Brief Summary: Main purpose of this study is to evaluate efficacy and safety of allogenic adipose-derived mesenchymal stem cells(ALLO-ASC) in treatment of tendon injury. ALLO-ASC will be administrated to the patients with lateral epicondylitis by ultrasonographic guided injection.

Detailed Description: Injection volume depends on the size of lesion on ultrasound examination. And all injection will be done under ultrasound guidance. First the investigators will administrate 1 million cells/ml (Group 1 for 6 participants). After monitoring the safety of injection for 2 weeks (the investigators will use WHO recommendations for grading of acute and subacute toxic effects), the investigators decide to increase the quantity as 10 million cells/ml (Group 2 for participants).
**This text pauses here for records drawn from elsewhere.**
lemma approximable_UNION:
  fixes A :: "nat \<Rightarrow> 'a set"
  assumes approx: "\<And>i. approximable (A i)" and sets: "\<And>i. A i \<in> sets \<mu>"
  shows "approximable (\<Union>i. A i)"
  unfolding approximable_def
proof (intro allI impI)
  fix e :: real assume "e > 0"
  have finite_unions: "approximable (\<Union>i<N. A i) \<and> (\<Union>i<N. A i) \<in> sets \<mu>" for N
  proof (induction N)
    case 0
    have "{} \<in> G" using algebra unfolding algebra_iff_Un by blast
    then show ?case
      by (auto simp: approximable_def joint_measure_def intro!: bexI[of _ "{}"])
  next
    case (Suc N)
    then show ?case
      using approximable_Un[OF approx[of N] _ sets[of N]] sets by (auto simp: lessThan_Suc)
  qed
  have "(\<lambda>N. joint_measure (\<Union>i<N. A i)) \<longlonglongrightarrow> joint_measure (\<Union>i. A i)"
    using sets by (rule LIMSEQ_joint_measure_UN)
  then obtain N where N: "joint_measure (\<Union>i. A i) - joint_measure (\<Union>i<N. A i) < e / 2"
    using \<open>e > 0\<close> by (metis LIMSEQ_iff half_gt_zero le_refl real_norm_def abs_less_iff minus_diff_eq)
  obtain B where B: "B \<in> G" "joint_measure (sym_diff (\<Union>i<N. A i) B) < e / 2"
    using finite_unions[of N] \<open>e > 0\<close> unfolding approximable_def by (meson half_gt_zero)
  let ?U = "\<Union>i. A i" and ?U\<^sub>N = "\<Union>i<N. A i"
  have U_sets: "?U \<in> sets \<mu>" "?U\<^sub>N \<in> sets \<mu>" "B \<in> sets \<mu>"
    using sets B(1) algebra_subset_sets by auto
  have "joint_measure (?U - ?U\<^sub>N) = joint_measure ?U - joint_measure ?U\<^sub>N"
    unfolding joint_measure_def using finite U_sets sets_eq
    by (simp add: finite_measure.finite_measure_Diff UN_mono)
  have "joint_measure (sym_diff ?U B) \<le> joint_measure ((?U - ?U\<^sub>N) \<union> (sym_diff ?U\<^sub>N B))"
    using U_sets by (intro joint_measure_mono) auto
  also have "\<dots> \<le> joint_measure (?U - ?U\<^sub>N) + joint_measure (sym_diff ?U\<^sub>N B)"
    using U_sets by (intro joint_measure_Un_le) auto
  finally show "\<exists>B\<in>G. joint_measure (sym_diff ?U B) < e"
    using B N \<open>joint_measure (?U - ?U\<^sub>N) = _\<close> by (intro bexI[of _ B]) auto
qed

lemma approximable_sets:
  assumes "A \<in> sets \<mu>"
  shows "approximable A"
proof -
  have "A \<in> sigma_sets UNIV G" using assms generated by simp
  then show ?thesis
  proof (induction rule: sigma_sets.induct)
    case (Basic A)
    then show ?case
      by (auto simp: approximable_def joint_measure_def intro!: bexI[of _ A])
  next
    case Empty
    have "{} \<in> G" using algebra unfolding algebra_iff_Un by blast
    then show ?case
      by (auto simp: approximable_def joint_measure_def intro!: bexI[of _ "{}"])
  next
    case (Compl A)
    have "sym_diff (UNIV - A) (UNIV - B) = sym_diff A B" for B
      by auto
    moreover have "UNIV - B \<in> G" if "B \<in> G" for B
      using algebra that unfolding algebra_iff_Un by blast
    ultimately show ?case
      using Compl.IH unfolding approximable_def by metis
  next
    case (Union A)
    then show ?case
      using approximable_UNION generated by auto
  qed
qed

lemma measure_le_extend_from_algebra:
  assumes K: "0 \<le> K" and le: "\<And>B. B \<in> G \<Longrightarrow> measure \<nu> B \<le> K * measure \<mu> B"
    and A: "A \<in> sets \<mu>"
  shows "measure \<nu> A \<le> K * measure \<mu> A"
proof (rule field_le_epsilon)
  fix e :: real assume "e > 0"
  then obtain B where B: "B \<in> G" "joint_measure (sym_diff A B) < e / (K + 1)"
    using approximable_sets[OF A] K unfolding approximable_def by (meson add_nonneg_pos divide_pos_pos zero_less_one)
  interpret \<mu>: finite_measure \<mu> by (rule finite(1))
  interpret \<nu>: finite_measure \<nu> by (rule finite(2))
  have sets: "B \<in> sets \<mu>" "sym_diff A B \<in> sets \<mu>"
    using A B(1) algebra_subset_sets by auto
  have "measure \<mu> B \<le> measure \<mu> (A \<union> sym_diff A B)"
    using A sets by (intro \<mu>.finite_measure_mono) auto
  then have \<mu>B: "measure \<mu> B \<le> measure \<mu> A + measure \<mu> (sym_diff A B)"
    using measure_Un_le[of A \<mu> "sym_diff A B"] A sets by simp
  have "measure \<nu> A \<le> measure \<nu> (B \<union> sym_diff A B)"
    using sets sets_eq by (intro \<nu>.finite_measure_mono) auto
  also have "\<dots> \<le> measure \<nu> B + measure \<nu> (sym_diff A B)"
    using sets sets_eq by (intro measure_Un_le) auto
  also have "measure \<nu> B \<le> K * measure \<mu> A + K * measure \<mu> (sym_diff A B)"
    using le[OF B(1)] mult_left_mono[OF \<mu>B K] by (simp add: distrib_left)
  finally have "measure \<nu> A \<le> K * measure \<mu> A + (K + 1) * joint_measure (sym_diff A B)"
    unfolding joint_measure_def
    using mult_nonneg_nonneg[OF K measure_nonneg[of \<nu> "sym_diff A B"]]
    by (simp add: algebra_simps) (smt (verit) measure_nonneg)
  also have "(K + 1) * joint_measure (sym_diff A B) \<le> e"
    using B(2) K by (simp add: field_simps)
  finally show "measure \<nu> A \<le> K * measure \<mu> A + e" by simp
qed

end

section \<open>The Laplace distribution and its translates\<close>

definition laplace_measure :: "real measure" where
  "laplace_measure = density lborel (\<lambda>x. ennreal (laplace_density x))"

lemma laplace_density_borel[measurable]: "laplace_density \<in> borel_measurable borel"
  unfolding laplace_density_def by measurable

lemma sets_laplace_measure[simp, measurable_cong]: "sets laplace_measure = sets borel"
  by (simp add: laplace_measure_def)

lemma space_laplace_measure[simp]: "space laplace_measure = UNIV"
  by (simp add: laplace_measure_def)
(* Let $(M,\mathbf g)$ be a $(d+1)$-dimensional spacetime carrying a steady perfect fluid flow with respect to a timelike Killing vector field $\boldsymbol\xi$ on a neighborhood $U$ of a point $p$, with fluid variables of class $C^2$ near $p$. Suppose that $p$ is a sonic point and that the expansion $\Theta$ of the streamline congruence does not vanish at $p$. Then $v_{\rm s}(p)=1/\sqrt d$ if and only if $\boldsymbol\sigma(\bar{\boldsymbol\xi},\bar{\boldsymbol\xi})|_p=0$, where $\boldsymbol\sigma$ is the shear tensor of the streamline congruence.
   Context: A perfect fluid on a $(d+1)$-dimensional Lorentzian spacetime $(M,\mathbf g)$ consists of positive functions $n,h,P,s,T$ (number density, specific enthalpy, pressure, specific entropy, temperature) and a vector field $\mathbf u$ with $\mathbf u\cdot\mathbf u=-1$, satisfying $\mathbf d h=T\,\mathbf d s+n^{-1}\mathbf d P$, $\nabla\cdot(n\mathbf u)=0$, $\nabla\cdot(nh\,\mathbf u\otimes\mathbf u+P\,\mathbf g^{-1})=0$, and an equation of state $h=h(P,s)$ with speed of sound $v_{\rm s}$, $v_{\rm s}^2=(\partial\ln h/\partial\ln n)_s\in(0,1)$. The flow is steady with respect to the timelike Killing field $\boldsymbol\xi$ on $U$ if $\mathcal L_{\boldsymbol\xi}P=\mathcal L_{\boldsymbol\xi}s=0$, $\mathcal L_{\boldsymbol\xi}\mathbf u=0$. Set $\bar{\boldsymbol\xi}=\boldsymbol\xi/\sqrt{|\boldsymbol\xi\cdot\boldsymbol\xi|}$ and write $\mathbf u=(1-v^2)^{-1/2}(\bar{\boldsymbol\xi}+v\bar{\boldsymbol\eta})$ with $v\in[0,1)$ and $\bar{\boldsymbol\eta}$ unit spacelike orthogonal to $\bar{\boldsymbol\xi}$, with $\mathcal L_{\boldsymbol\xi}\bar{\boldsymbol\eta}=0$; integral curves of $\bar{\boldsymbol\eta}$ are the streamlines. Let $B_{\mu\nu}=\nabla_\mu\bar\eta_\nu$, $\mathbf a=\nabla_{\bar{\boldsymbol\eta}}\bar{\boldsymbol\eta}$, $\mathbf g^\perp=\mathbf g-\bar{\boldsymbol\eta}^\flat\otimes\bar{\boldsymbol\eta}^\flat$, and decompose $\mathbf B-\bar{\boldsymbol\eta}^\flat\otimes\mathbf a^\flat=\frac{\Theta}{d}\mathbf g^\perp+\boldsymbol\sigma+\boldsymbol\omega$, where $\Theta=\nabla\cdot\bar{\boldsymbol\eta}$ (expansion), $\boldsymbol\sigma$ is symmetric and trace-free (shear) and $\boldsymbol\omega$ is antisymmetric (vorticity). A sonic point is a point $p$ with $v(p)=v_{\rm s}(p)$. *)

theory Defs
  imports "HOL-Analysis.Analysis"
begin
The investigators will compare the efficacy difference as quantity increase. For efficacy measurement, VAS/modified Mayo clinic performance index for elbow/lesion measurement by ultrasound will be used at 6 and 12 weeks after injections.

Recruitment & Eligibility

Status: COMPLETED

Sex: All

Target Recruitment: 12

Inclusion Criteria

clinically diagnosed as lateral epicondylitis (tennis elbow)
recurrent pain in spite of conservative treatment such as physical therapy, medication, steroid injection
symptom duration is over 6 months
defect in common extensor tendon can be observed under ultrasound
patient that can understand the clinical trials

Exclusion Criteria

patient that underwent other injection treatment within 6 weeks
some associated diseases (such as arthritis, synovitis, entrapment of related nerve, radiculopathy to the target lesion, generalized pain syndrome, rheumatoid arthritis, pregnancy, impaired sensibility, paralysis, history of allergic or hypersensitive reaction to bovine-derived proteins or fibrin glue)
patient that enrolled other clinical trials within 30 days
history of drug/alcohol addiction, habitual smoker

Study & Design

Study Type: INTERVENTIONAL

Study Design: PARALLEL

Arm && Interventions

Group	Intervention	Description
10 million cells/ml of ALLO-ASC	ALLO-ASC(allogeneic adipose derived mesenchymal stem cell) injection	10 million cells/ml of ALLO-ASC(allogeneic adipose derived mesenchymal stem cell) will be injected by ultrasound guided intervention.
1 million cells/ml of ALLO-ASC	ALLO-ASC(allogeneic adipose derived mesenchymal stem cell) injection	1 million cells/ml of ALLO-ASC(allogeneic adipose derived mesenchymal stem cell) will be injected by ultrasound guided intervention.

Primary Outcome Measures

Name	Time	Method
Change From Baseline in Visual Analog Scale (VAS) at 6 and 12 Weeks	Baseline, 6 weeks, 12 weeks after intervention	Self reported pain intensity during activity will be evaluated by visual analogue scale (0 = no pain, 10 = pain as bad as can be), higher scores meaning worse outcome.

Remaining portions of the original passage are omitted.